Rebekah Tsang, The Master’s College
Full manuscript: www.kon.org/urc/v10/tsang.html
Abstract Current research suggests college students have fluctuating eating patterns and are confused about what constitutes a healthful diet. The purpose of this study was to identify the sources by which college students receive nutritional information and what constitutes the best dietary plan for maintaining a healthful lifestyle. The survey instrument used in this study measured the perceptions of college students about their practices in healthful eating and the sources they consulted to receive healthful eating information. It aligned with research that suggests college students choose to consult peers and the Internet for nutritional information over the consultation of a professional. The survey also suggested that college students understand fast food to be contradictory to a healthful lifestyle and choose to minimize their carbohydrate intake but are confused about the best dietary plan to maintain a healthful lifestyle. The results indicate that college students consult their peers and the internet over a professional with regards to healthful eating and that professionals in nutrition should find creative ways to demonstrate proper nutritional habits through the use of peer teaching and through avenues such as the Internet.

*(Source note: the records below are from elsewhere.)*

lemma fabc_add_const: "x \<noteq> -b \<Longrightarrow> fabc f1 f2 a b c' x = fabc f1 f2 a b c x + (c' - c)"
  by (simp add: fabc_def)

lemma fabc_reflect: "fabc f2 f1 a (- b) (- c) x = - fabc f1 f2 a b c (- x)"
  by (simp add: fabc_def)

lemma fabc_has_deriv_right:
  assumes "strongly_hyperbolic f1" "-b < x"
  shows "(fabc f1 f2 a b c has_real_derivative a * deriv f1 (x + b)) (at x)"
proof -
  have "((\<lambda>y. f1 (y + b)) has_real_derivative deriv f1 (x + b) * 1) (at x)"
    using strongly_hyperbolic_has_deriv[OF assms(1), of "x + b"] assms(2)
    by (intro DERIV_chain2[where g = "\<lambda>y. y + b"]) (auto intro!: derivative_eq_intros)
  then have "((\<lambda>y. a * f1 (y + b) + c) has_real_derivative a * deriv f1 (x + b)) (at x)"
    by (auto intro!: derivative_eq_intros)
  then show ?thesis
    by (rule has_field_derivative_transform_within_open[of _ _ _ "{-b<..}"])
      (use assms(2) in \<open>auto simp: fabc_right\<close>)
qed

lemma fabc_has_deriv_left:
  assumes "strongly_hyperbolic f2" "x < -b"
  shows "(fabc f1 f2 a b c has_real_derivative a * deriv f2 (- x - b)) (at x)"
proof -
  have "((\<lambda>y. f2 (- y - b)) has_real_derivative deriv f2 (- x - b) * (- 1)) (at x)"
    using strongly_hyperbolic_has_deriv[OF assms(1), of "- x - b"] assms(2)
    by (intro DERIV_chain2[where g = "\<lambda>y. - y - b"]) (auto intro!: derivative_eq_intros)
  then have "((\<lambda>y. - a * f2 (- y - b) + c) has_real_derivative a * deriv f2 (- x - b)) (at x)"
    by (auto intro!: derivative_eq_intros)
  then show ?thesis
    by (rule has_field_derivative_transform_within_open[of _ _ _ "{..< -b}"])
      (use assms(2) in \<open>auto simp: fabc_left\<close>)
qed

lemma deriv_fabc_right:
  "strongly_hyperbolic f1 \<Longrightarrow> -b < x \<Longrightarrow> deriv (fabc f1 f2 a b c) x = a * deriv f1 (x + b)"
  using fabc_has_deriv_right DERIV_imp_deriv by blast

lemma deriv_fabc_left:
  "strongly_hyperbolic f2 \<Longrightarrow> x < -b \<Longrightarrow> deriv (fabc f1 f2 a b c) x = a * deriv f2 (- x - b)"
  using fabc_has_deriv_left DERIV_imp_deriv by blast

lemma deriv_fabc_reflect:
  assumes "strongly_hyperbolic f1" "strongly_hyperbolic f2" "x \<noteq> b"
  shows "deriv (fabc f2 f1 a (- b) (- c)) x = deriv (fabc f1 f2 a b c) (- x)"
proof (cases "b < x")
  case True
  then show ?thesis
    using deriv_fabc_right[OF assms(2), of "- b" x] deriv_fabc_left[OF assms(2), of "- x" b] by simp
next
  case False
  then show ?thesis
    using assms(3) deriv_fabc_left[OF assms(1), of x "- b"] deriv_fabc_right[OF assms(1), of b "- x"]
    by simp
qed

lemma fabc_right_gt:
  "strongly_hyperbolic f1 \<Longrightarrow> 0 < a \<Longrightarrow> -b < x \<Longrightarrow> c < fabc f1 f2 a b c x"
  using strongly_hyperbolic_pos[of f1 "x + b"] by (simp add: fabc_right)

lemma fabc_left_lt:
  "strongly_hyperbolic f2 \<Longrightarrow> 0 < a \<Longrightarrow> x < -b \<Longrightarrow> fabc f1 f2 a b c x < c"
  using strongly_hyperbolic_pos[of f2 "- x - b"] by (simp add: fabc_left)

lemma fabc_right_strict_decreasing:
  "strongly_hyperbolic f1 \<Longrightarrow> 0 < a \<Longrightarrow> -b < x \<Longrightarrow> x < y \<Longrightarrow>
    fabc f1 f2 a b c y < fabc f1 f2 a b c x"
  using strongly_hyperbolic_strict_decreasing[of f1 "x + b" "y + b"] by (simp add: fabc_right)

lemma fabc_left_strict_decreasing:
  "strongly_hyperbolic f2 \<Longrightarrow> 0 < a \<Longrightarrow> x < y \<Longrightarrow> y < -b \<Longrightarrow>
    fabc f1 f2 a b c y < fabc f1 f2 a b c x"
  using strongly_hyperbolic_strict_decreasing[of f2 "- y - b" "- x - b"] by (simp add: fabc_left)

context
  fixes f1 f2 :: "real \<Rightarrow> real" and a :: real
  assumes sh1: "strongly_hyperbolic f1" and sh2: "strongly_hyperbolic f2" and a: "0 < a"
begin

lemma inj_on_fabc: "inj_on (fabc f1 f2 a b c) (- {-b})"
proof (rule linorder_inj_onI')
  fix x y
  assume "x \<in> - {-b}" "y \<in> - {-b}" "x < y"
  then consider "-b < x" | "y < -b" | "x < -b" "-b < y"
    by force
  then show "fabc f1 f2 a b c x \<noteq> fabc f1 f2 a b c y"
  proof cases
    case 1
    then show ?thesis
      using fabc_right_strict_decreasing[OF sh1 a 1 \<open>x < y\<close>, of f2 c] by linarith
  next
    case 2
    then show ?thesis
      using fabc_left_strict_decreasing[OF sh2 a \<open>x < y\<close> 2, of f1 c] by linarith
  next
    case 3
    then show ?thesis
      using fabc_left_lt[OF sh2 a 3(1), of f1 c]
        fabc_right_gt[OF sh1 a 3(2), of c f2]
      by linarith
  qed
qed

lemma fabc_translate_ne:
  assumes "b1 \<noteq> b2" "x \<noteq> -b1" "x \<noteq> -b2"
  shows "fabc f1 f2 a b1 c x \<noteq> fabc f1 f2 a b2 c x"
proof
  assume "fabc f1 f2 a b1 c x = fabc f1 f2 a b2 c x"
  then have "fabc f1 f2 a b2 c (x + b1 - b2) = fabc f1 f2 a b2 c x"
    by (simp flip: fabc_shift)
  then have "x + b1 - b2 = x"
    using inj_onD[OF inj_on_fabc] assms(2,3) by simp
  then show False
    using assms(1) by simp
qed

end

lemma graph_closure_Int:
  "graph_closure f1 f2 a1 b1 c1 \<inter> graph_closure f1 f2 a2 b2 c2 =
     (\<lambda>x. (Fin x, Fin (fabc f1 f2 a1 b1 c1 x))) `
       {x. x \<noteq> -b1 \<and> x \<noteq> -b2 \<and> fabc f1 f2 a1 b1 c1 x = fabc f1 f2 a2 b2 c2 x}
     \<union> (if b1 = b2 then {(Fin (-b1), Infty)} else {})
     \<union> (if c1 = c2 then {(Infty, Fin c1)} else {})"
  unfolding graph_closure_def by auto

lemma tangency_same_pole:
  assumes sh1: "strongly_hyperbolic f1" and sh2: "strongly_hyperbolic f2"
    and tangent_value: "fabc f1 f2 a1 b1 c1 xp = fabc f1 f2 a2 b2 c2 xp"
    and tangent_deriv: "deriv (fabc f1 f2 a1 b1 c1) xp = deriv (fabc f1 f2 a2 b2 c2) xp"
    and b: "b1 = b2" and xp: "xp \<noteq> -b1"
  shows "a1 = a2 \<and> c1 = c2"
proof (cases "-b1 < xp")
  case True
  have "a1 * deriv f1 (xp + b1) = a2 * deriv f1 (xp + b1)" "deriv f1 (xp + b1) < 0"
    using tangent_deriv deriv_fabc_right[OF sh1] strongly_hyperbolic_deriv_neg[OF sh1] True b
    by auto
  then show ?thesis
    using tangent_value True b by (simp add: fabc_right)
next
  case False
  then have "xp < -b1"
    using xp by simp
  have "a1 * deriv f2 (- xp - b1) = a2 * deriv f2 (- xp - b1)" "deriv f2 (- xp - b1) < 0"
    using tangent_deriv deriv_fabc_left[OF sh2] strongly_hyperbolic_deriv_neg[OF sh2]
      \<open>xp < -b1\<close> b by auto
  then show ?thesis
    using tangent_value \<open>xp < -b1\<close> b by (simp add: fabc_left)
qed

context
  fixes f1 f2 :: "real \<Rightarrow> real" and a1 a2 b1 b2 c1 c2 xp :: real
  assumes sh1: "strongly_hyperbolic f1" and sh2: "strongly_hyperbolic f2"
    and a1: "0 < a1" and a2: "0 < a2"
    and tangent_value: "fabc f1 f2 a1 b1 c1 xp = fabc f1 f2 a2 b2 c2 xp"
    and tangent_deriv: "deriv (fabc f1 f2 a1 b1 c1) xp = deriv (fabc f1 f2 a2 b2 c2) xp"
begin

lemma tangency_right_branches:
  assumes b: "b1 < b2" and xp: "-b1 < xp"
  shows "c2 < c1"
    and "\<And>x. x \<noteq> -b1 \<Longrightarrow> x \<noteq> -b2 \<Longrightarrow> x \<noteq> xp \<Longrightarrow>
      fabc f1 f2 a1 b1 c1 x \<noteq> fabc f1 f2 a2 b2 c2 x"
proof -
  define d where "d = b2 - b1"
  define u0 where "u0 = xp + b1"
  have d: "0 < d" and u0: "0 < u0" and shift: "\<And>x. x + b2 = x + b1 + d"
    using b xp by (auto simp: d_def u0_def)
  have "-b2 < xp"
    using b xp by simp
  then have tangent: "a1 * deriv f1 u0 = a2 * deriv f1 (u0 + d)"
    using tangent_deriv deriv_fabc_right[OF sh1 xp] deriv_fabc_right[OF sh1, of b2 xp]
    by (simp add: u0_def shift)
  have value_u0: "a1 * f1 u0 - a2 * f1 (u0 + d) = c2 - c1"
    using tangent_value \<open>-b2 < xp\<close> xp by (simp add: fabc_right u0_def shift)
  show "c2 < c1"
    using shifted_tangency_gap[OF sh1 a1 d u0 tangent] value_u0 by simp
  fix x
  assume x: "x \<noteq> -b1" "x \<noteq> -b2" "x \<noteq> xp"
  consider "-b1 < x" | "-b2 < x" "x < -b1" | "x < -b2"
    using x b by linarith
  then show "fabc f1 f2 a1 b1 c1 x \<noteq> fabc f1 f2 a2 b2 c2 x"
  proof cases
    case 1
    have "c2 - c1 < a1 * f1 (x + b1) - a2 * f1 (x + b1 + d)"
      using shifted_tangency_strict_min[OF sh1 a1 d u0 tangent, of "x + b1"] value_u0 1 x(3)
      by (simp add: u0_def)
    then show ?thesis
      using 1 b by (simp add: fabc_right shift)
  next
    case 2
    have "fabc f1 f2 a1 b1 c1 x < c1"
      using fabc_left_lt[OF sh2 a1 2(2)] .
    also have "\<dots> < fabc f1 f2 a1 b1 c1 xp"
      using fabc_right_gt[OF sh1 a1 xp] .
    also have "\<dots> < fabc f1 f2 a2 b2 c2 x"
      unfolding tangent_value using fabc_right_strict_decreasing[OF sh1 a2 2(1)] 2 xp by simp
    finally show ?thesis
      by simp
  next
    case 3
    define s where "s = - x - b2"
    have s: "0 < s" "- x - b1 = s + d"
      using 3 by (auto simp: s_def d_def)
    have "a1 * f2 (s + d) < a1 * f2 s"
      using strongly_hyperbolic_strict_decreasing[OF sh2 s(1), of "s + d"] d a1 by simp
    also have "\<dots> < a2 * f2 s"
      using shifted_tangency_coeff_less[OF sh1 a1 d u0 tangent] strongly_hyperbolic_pos[OF sh2 s(1)]
      by simp
    finally have "fabc f1 f2 a2 b2 c2 x < fabc f1 f2 a1 b1 c1 x"
      using \<open>c2 < c1\<close> 3 b by (simp add: fabc_left s(2) flip: s_def)
    then show ?thesis
      by simp
  qed
qed

lemma tangency_opposite_branches:
  assumes left: "-b2 < xp" and right: "xp < -b1"
  shows "c2 < c1"
    and "\<And>x. x \<noteq> -b1 \<Longrightarrow> x \<noteq> -b2 \<Longrightarrow> x \<noteq> xp \<Longrightarrow>
      fabc f1 f2 a1 b1 c1 x \<noteq> fabc f1 f2 a2 b2 c2 x"
proof -
  have below: "fabc f1 f2 a1 b1 c1 xp < c1"
    using fabc_left_lt[OF sh2 a1 right] .
  have above: "c2 < fabc f1 f2 a2 b2 c2 xp"
    using fabc_right_gt[OF sh1 a2 left] .
  show "c2 < c1"
    using below above tangent_value by simp
  fix x
  assume x: "x \<noteq> -b1" "x \<noteq> -b2" "x \<noteq> xp"
  consider "-b1 < x" | "-b2 < x" "x < -b1" | "x < -b2"
    using x by linarith
  then show "fabc f1 f2 a1 b1 c1 x \<noteq> fabc f1 f2 a2 b2 c2 x"
  proof cases
    case 1
    have "fabc f1 f2 a2 b2 c2 x < fabc f1 f2 a2 b2 c2 xp"
      using fabc_right_strict_decreasing[OF sh1 a2 left] 1 right by simp
    also have "\<dots> < c1"
      using below tangent_value by simp
    also have "\<dots> < fabc f1 f2 a1 b1 c1 x"
      using fabc_right_gt[OF sh1 a1 1] .
    finally show ?thesis
      by simp
  next
    case 3
    have "fabc f1 f2 a2 b2 c2 x < c2"
      using fabc_left_lt[OF sh2 a2 3] .
    also have "\<dots> < fabc f1 f2 a1 b1 c1 xp"
      using above tangent_value by simp
    also have "\<dots> < fabc f1 f2 a1 b1 c1 x"
      using fabc_left_strict_decreasing[OF sh2 a1 _ right] 3 left by simp
    finally show ?thesis
      by simp
  next
    case 2
    define H' where "H' y = a2 * deriv f1 (y + b2) - a1 * deriv f2 (- y - b1)" for y
    have H': "((\<lambda>y. fabc f1 f2 a2 b2 c2 y - fabc f1 f2 a1 b1 c1 y) has_real_derivative H' y) (at y)"
      if "-b2 < y" "y < -b1" for y
      unfolding H'_def using that
      by (intro DERIV_diff fabc_has_deriv_right[OF sh1] fabc_has_deriv_left[OF sh2])
    have H'_mono: "H' y < H' z" if "-b2 < y" "y < z" "z < -b1" for y z
    proof -
      have "a2 * deriv f1 (y + b2) < a2 * deriv f1 (z + b2)"
        using strongly_hyperbolic_deriv_strict_mono[OF sh1, of "y + b2" "z + b2"] a2 that by simp
      moreover have "a1 * deriv f2 (- z - b1) < a1 * deriv f2 (- y - b1)"
        using strongly_hyperbolic_deriv_strict_mono[OF sh2, of "- z - b1" "- y - b1"] a1 that by simp
      ultimately show ?thesis
        unfolding H'_def by simp
    qed
    have "H' xp = 0"
      using tangent_deriv deriv_fabc_right[OF sh1 left] deriv_fabc_left[OF sh2 right]
      by (simp add: H'_def)
    have "fabc f1 f2 a2 b2 c2 xp - fabc f1 f2 a1 b1 c1 xp < fabc f1 f2 a2 b2 c2 x - fabc f1 f2 a1 b1 c1 x"
    proof (rule DERIV_sign_change_imp_strict_min[OF x(3), of _ H'])
      show "((\<lambda>y. fabc f1 f2 a2 b2 c2 y - fabc f1 f2 a1 b1 c1 y) has_real_derivative H' y) (at y)"
        if "min x xp \<le> y" "y \<le> max x xp" for y
        using H' that 2 left right by simp
    next
      show "H' y < 0" if "min x xp < y" "y < xp" for y
        using H'_mono[of y xp] \<open>H' xp = 0\<close> that 2 right by auto
    next
      show "0 < H' y" if "xp < y" "y < max x xp" for y
        using H'_mono[of xp y] \<open>H' xp = 0\<close> that 2 left by auto
    qed
    then show ?thesis
      using tangent_value by simp
  qed
qed

end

Introduction Current college students and twenty-first century adults assimilate a wide spectrum of opinions on what determines if a person is healthy or not. Keeling’s research revealed that “female dietetics majors used both healthy and unsound weight-loss strategies (and depended upon both reasonable and questionable sources of information)” (Keeling, 2001, p.154), which may indicate that the general population is muddled by the mixed messages and nutritional propaganda they receive from both the government and weight-loss program marketers.